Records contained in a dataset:
(* For every $n\ge 1$, $\chi_{lc}(K_n)=n$.
   Context: Graphs are finite, loopless, with symmetric edge sets; $K_c$ is the complete graph on $c$ vertices; write $v\sim w$ when $(v,w)$ is an edge. For graphs $G,H$, the locally commuting algebra $\mathcal A_{lc}(G,H)$ is the unital complex algebra generated by elements $e_{v,x}$ ($v\in V(G)$, $x\in V(H)$) subject to the relations: $\sum_{x\in V(H)}e_{v,x}=1$ for all $v$; $e_{v,x}^2=e_{v,x}$; $e_{v,x}e_{v,y}=0$ for $x\neq y$; $e_{v,x}e_{w,y}=0$ whenever $v\sim w$ and $x\not\sim y$ (in particular when $x=y$); and $e_{v,x}e_{w,y}=e_{w,y}e_{v,x}$ whenever $v\sim w$. (Equivalently it is the quotient of the group $*$-algebra of the free product of $|V(G)|$ cyclic groups of order $|V(H)|$ by the ideal generated by the products of spectral projections forbidden by the graph homomorphism game together with the commutators $[e_{v,x},e_{w,y}]$ for $v\sim w$.) Define $\chi_{lc}(G)=\min\{c:\mathcal A_{lc}(G,K_c)\neq 0\}$. *)

theory Defs
  imports Complex_Main
begin

text \<open>Free unital complex algebra on generators of type 'g: elements are (finitely supported)
  functions from words (lists of generators) to complex coefficients; a word w is the monomial w.\<close>

type_synonym 'g fa = "'g list \<Rightarrow> complex"

definition fa_mono :: "'g list \<Rightarrow> 'g fa" where
  "fa_mono w = (\<lambda>u. if u = w then 1 else 0)"

definition fa_one :: "'g fa" where
  "fa_one = fa_mono []"

definition fa_gen :: "'g \<Rightarrow> 'g fa" where
  "fa_gen g = fa_mono [g]"

definition fa_mult :: "'g fa \<Rightarrow> 'g fa \<Rightarrow> 'g fa" where
  "fa_mult p q = (\<lambda>u. \<Sum>i\<le>length u. p (take i u) * q (drop i u))"

definition fa_diff :: "'g fa \<Rightarrow> 'g fa \<Rightarrow> 'g fa" where
  "fa_diff p q = (\<lambda>u. p u - q u)"

inductive_set fa_ideal :: "'g set \<Rightarrow> 'g fa set \<Rightarrow> 'g fa set" for Gens R where
  zero: "(\<lambda>u. 0) \<in> fa_ideal Gens R"
| gen: "\<lbrakk>r \<in> R; a \<in> lists Gens; b \<in> lists Gens\<rbrakk> \<Longrightarrow>
          fa_mult (fa_mult (fa_mono a) r) (fa_mono b) \<in> fa_ideal Gens R"
| add: "\<lbrakk>p \<in> fa_ideal Gens R; q \<in> fa_ideal Gens R\<rbrakk> \<Longrightarrow> (\<lambda>u. p u + q u) \<in> fa_ideal Gens R"
| smult: "p \<in> fa_ideal Gens R \<Longrightarrow> (\<lambda>u. c * p u) \<in> fa_ideal Gens R"

text \<open>A graph is a pair (V, E): finite vertex set V and an edge relation E (symmetric, loopless).\<close>

definition lc_relations ::
  "'v set \<Rightarrow> ('v \<Rightarrow> 'v \<Rightarrow> bool) \<Rightarrow> 'x set \<Rightarrow> ('x \<Rightarrow> 'x \<Rightarrow> bool) \<Rightarrow> ('v \<times> 'x) fa set" where
  "lc_relations V E W F =
     {fa_diff (\<lambda>u. \<Sum>x\<in>W. fa_gen (v, x) u) fa_one | v. v \<in> V}
   \<union> {fa_diff (fa_mult (fa_gen (v, x)) (fa_gen (v, x))) (fa_gen (v, x)) | v x. v \<in> V \<and> x \<in> W}
   \<union> {fa_mult (fa_gen (v, x)) (fa_gen (v, y)) | v x y. v \<in> V \<and> x \<in> W \<and> y \<in> W \<and> x \<noteq> y}
   \<union> {fa_mult (fa_gen (v, x)) (fa_gen (w, y)) | v w x y.
        v \<in> V \<and> w \<in> V \<and> x \<in> W \<and> y \<in> W \<and> E v w \<and> \<not> F x y}
   \<union> {fa_diff (fa_mult (fa_gen (v, x)) (fa_gen (w, y))) (fa_mult (fa_gen (w, y)) (fa_gen (v, x))) | v w x y.
        v \<in> V \<and> w \<in> V \<and> x \<in> W \<and> y \<in> W \<and> E v w}"

definition lc_algebra_nonzero ::
  "'v set \<Rightarrow> ('v \<Rightarrow> 'v \<Rightarrow> bool) \<Rightarrow> 'x set \<Rightarrow> ('x \<Rightarrow> 'x \<Rightarrow> bool) \<Rightarrow> bool" where
  "lc_algebra_nonzero V E W F \<longleftrightarrow> fa_one \<notin> fa_ideal (V \<times> W) (lc_relations V E W F)"

definition K_verts :: "nat \<Rightarrow> nat set" where "K_verts c = {0..<c}"
definition K_edge :: "nat \<Rightarrow> nat \<Rightarrow> bool" where "K_edge x y \<longleftrightarrow> x \<noteq> y"

definition chi_lc :: "'v set \<Rightarrow> ('v \<Rightarrow> 'v \<Rightarrow> bool) \<Rightarrow> nat" where
  "chi_lc V E = (LEAST c. lc_algebra_nonzero V E (K_verts c) K_edge)"

end

theory Submission
  imports Defs
begin

text \<open>For \<open>c < n\<close> the unit lies in the ideal of relations. Every word
  \<open>e(v\<^sub>1,x\<^sub>1)\<cdots>e(v\<^sub>k,x\<^sub>k)\<close> with distinct vertices and distinct colours lies in it, by downward
  induction on \<open>k\<close>: no such word has length \<open>n > c\<close>, and otherwise, for an unused vertex \<open>v\<close>,
  the word is congruent to the sum over \<open>x\<close> of its extensions by \<open>e(v,x)\<close>. An extension either
  is again injective, or repeats the colour \<open>x\<close> at some \<open>w \<noteq> v\<close>; then \<open>e(v,x)\<close> commutes past
  the intermediate generators (all on vertices adjacent to \<open>v\<close>) and \<open>e(v,x) e(w,x) = 0\<close>. The empty
  word is \<open>1\<close>.
  Conversely a graph homomorphism \<open>f\<close> yields the character \<open>e(v,x) \<mapsto> [x = f v]\<close>, which kills
  all relations; for \<open>K\<^sub>n \<rightarrow> K\<^sub>n\<close> take the identity.\<close>

lemma fa_mult_mono_left:
  "fa_mult (fa_mono a) q = (\<lambda>u. if take (length a) u = a then q (drop (length a) u) else 0)"
proof
  fix u :: "'a list"
  have "fa_mult (fa_mono a) q u =
      (\<Sum>i\<le>length u. if i = length a then (if take i u = a then q (drop i u) else 0) else 0)"
    unfolding fa_mult_def fa_mono_def by (rule sum.cong) (auto simp: min_def split: if_splits)
  also have "\<dots> = (if take (length a) u = a then q (drop (length a) u) else 0)"
    by (auto simp: sum.delta dest: arg_cong[where f=length])
  finally show "fa_mult (fa_mono a) q u = (if take (length a) u = a then q (drop (length a) u) else 0)" .
qed

lemma fa_mult_mono_right:
  "fa_mult p (fa_mono b) = (\<lambda>u. if length b \<le> length u \<and> drop (length u - length b) u = b
      then p (take (length u - length b) u) else 0)"
proof
  fix u :: "'a list"
  have "fa_mult p (fa_mono b) u = (\<Sum>i\<le>length u. if i = length u - length b
      then (if length b \<le> length u \<and> drop i u = b then p (take i u) else 0) else 0)"
    unfolding fa_mult_def fa_mono_def by (rule sum.cong) (auto split: if_splits)
  then show "fa_mult p (fa_mono b) u = (if length b \<le> length u \<and> drop (length u - length b) u = b
      then p (take (length u - length b) u) else 0)"
    by (simp add: sum.delta)
qed

lemma fa_mult_mono_mono: "fa_mult (fa_mono a) (fa_mono b) = fa_mono (a @ b)"
  unfolding fa_mult_mono_left
  by (rule ext) (auto simp: fa_mono_def append_eq_conv_conj, metis append_take_drop_id)

lemma fa_mult_gen_gen: "fa_mult (fa_gen g) (fa_gen h) = fa_mono [g, h]"
  by (simp add: fa_gen_def fa_mult_mono_mono)

definition fa_sandwich :: "'g list \<Rightarrow> 'g list \<Rightarrow> 'g fa \<Rightarrow> 'g fa" where
  "fa_sandwich a b p = fa_mult (fa_mult (fa_mono a) p) (fa_mono b)"

lemma fa_sandwich_append: "fa_sandwich a b p (a @ w @ b) = p w"
  by (simp add: fa_sandwich_def fa_mult_mono_left fa_mult_mono_right)

lemma fa_sandwich_outside:
  assumes "\<nexists>w. u = a @ w @ b"
  shows "fa_sandwich a b p u = 0"
proof -
  let ?t = "take (length u - length b) u"
  have "\<not> (length b \<le> length u \<and> drop (length u - length b) u = b \<and> take (length a) ?t = a)"
  proof
    assume h: "length b \<le> length u \<and> drop (length u - length b) u = b \<and> take (length a) ?t = a"
    then have "u = a @ drop (length a) ?t @ b"
      by (metis append_assoc append_take_drop_id)
    with assms show False by blast
  qed
  then show ?thesis
    by (auto simp: fa_sandwich_def fa_mult_mono_left fa_mult_mono_right)
qed

lemma fa_sandwich_cases:
  "fa_sandwich a b p u = (if \<exists>w. u = a @ w @ b then p (drop (length a) (take (length u - length b) u)) else 0)"
  by (auto simp: fa_sandwich_append fa_sandwich_outside)

lemma fa_sandwich_mono: "fa_sandwich a b (fa_mono w) = fa_mono (a @ w @ b)"
  by (simp add: fa_sandwich_def fa_mult_mono_mono)

lemma fa_sandwich_diff: "fa_sandwich a b (fa_diff p q) = fa_diff (fa_sandwich a b p) (fa_sandwich a b q)"
  by (auto simp: fa_diff_def fa_sandwich_cases)

lemma fa_sandwich_sum:
  "fa_sandwich a b (\<lambda>u. \<Sum>x\<in>A. f x u) = (\<lambda>u. \<Sum>x\<in>A. fa_sandwich a b (f x) u)"
  by (auto simp: fa_sandwich_cases)

lemma fa_ideal_sandwich:
  "r \<in> R \<Longrightarrow> set a \<subseteq> Gens \<Longrightarrow> set b \<subseteq> Gens \<Longrightarrow> fa_sandwich a b r \<in> fa_ideal Gens R"
  unfolding fa_sandwich_def by (rule fa_ideal.gen) auto

lemma fa_ideal_add_eq:
  assumes "p \<in> fa_ideal Gens R" "q \<in> fa_ideal Gens R" "\<And>u. s u = p u + q u"
  shows "s \<in> fa_ideal Gens R"
proof -
  have "s = (\<lambda>u. p u + q u)" using assms(3) by (rule ext)
  then show ?thesis using assms(1,2) by (simp add: fa_ideal.add)
qed

lemma fa_ideal_diff_trans:
  "fa_diff p q \<in> fa_ideal Gens R \<Longrightarrow> fa_diff q s \<in> fa_ideal Gens R \<Longrightarrow> fa_diff p s \<in> fa_ideal Gens R"
  by (erule fa_ideal_add_eq) (auto simp: fa_diff_def)

lemma fa_ideal_diff_cancel_right:
  "fa_diff p q \<in> fa_ideal Gens R \<Longrightarrow> q \<in> fa_ideal Gens R \<Longrightarrow> p \<in> fa_ideal Gens R"
  by (erule fa_ideal_add_eq) (auto simp: fa_diff_def)

lemma fa_ideal_diff_cancel_left:
  assumes "fa_diff p q \<in> fa_ideal Gens R" "p \<in> fa_ideal Gens R"
  shows "q \<in> fa_ideal Gens R"
proof -
  have "(\<lambda>u. (-1) * fa_diff p q u) \<in> fa_ideal Gens R"
    using assms(1) by (rule fa_ideal.smult)
  with assms(2) show ?thesis
    by (rule fa_ideal_add_eq) (simp add: fa_diff_def)
qed

lemma fa_ideal_sum:
  "finite A \<Longrightarrow> (\<And>x. x \<in> A \<Longrightarrow> f x \<in> fa_ideal Gens R) \<Longrightarrow> (\<lambda>u. \<Sum>x\<in>A. f x u) \<in> fa_ideal Gens R"
proof (induction A rule: finite_induct)
  case empty
  show ?case using fa_ideal.zero by simp
next
  case (insert x A)
  have "(\<lambda>u. \<Sum>x\<in>A. f x u) \<in> fa_ideal Gens R" using insert.prems by (intro insert.IH) simp
  with insert.prems show ?case
    by (rule fa_ideal_add_eq[of "f x"]) (simp_all add: insert.hyps)
qed

lemma lc_relations_sum_one:
  "v \<in> V \<Longrightarrow> fa_diff (\<lambda>u. \<Sum>x\<in>W. fa_gen (v, x) u) fa_one \<in> lc_relations V E W F"
  unfolding lc_relations_def by (intro UnI1) blast

lemma lc_relations_non_edge:
  "\<lbrakk>v \<in> V; w \<in> V; x \<in> W; y \<in> W; E v w; \<not> F x y\<rbrakk> \<Longrightarrow>
    fa_mult (fa_gen (v, x)) (fa_gen (w, y)) \<in> lc_relations V E W F"
  unfolding lc_relations_def by (rule UnI1, rule UnI2) blast

lemma lc_relations_commute:
  "\<lbrakk>v \<in> V; w \<in> V; x \<in> W; y \<in> W; E v w\<rbrakk> \<Longrightarrow>
    fa_diff (fa_mult (fa_gen (v, x)) (fa_gen (w, y))) (fa_mult (fa_gen (w, y)) (fa_gen (v, x)))
      \<in> lc_relations V E W F"
  unfolding lc_relations_def by (rule UnI2) blast

abbreviation lc_ideal ::
  "'v set \<Rightarrow> ('v \<Rightarrow> 'v \<Rightarrow> bool) \<Rightarrow> 'x set \<Rightarrow> ('x \<Rightarrow> 'x \<Rightarrow> bool) \<Rightarrow> ('v \<times> 'x) fa set" where
  "lc_ideal V E W F \<equiv> fa_ideal (V \<times> W) (lc_relations V E W F)"

definition partial_injection_word :: "'v set \<Rightarrow> 'x set \<Rightarrow> ('v \<times> 'x) list \<Rightarrow> bool" where
  "partial_injection_word V W u \<longleftrightarrow>
     set u \<subseteq> V \<times> W \<and> distinct (map fst u) \<and> distinct (map snd u)"

lemma length_le_card_if_partial_injection_word:
  assumes "partial_injection_word V W u" "finite W"
  shows "length u \<le> card W"
proof -
  have "length u = card (snd ` set u)"
    using assms(1) distinct_card[of "map snd u"] by (simp add: partial_injection_word_def)
  also have "\<dots> \<le> card W"
    using assms by (intro card_mono) (auto simp: partial_injection_word_def)
  finally show ?thesis .
qed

About this exercise: Lines with the string "close" in the data above: say how many there are, giving the number alone.

Solution to this exercise: 11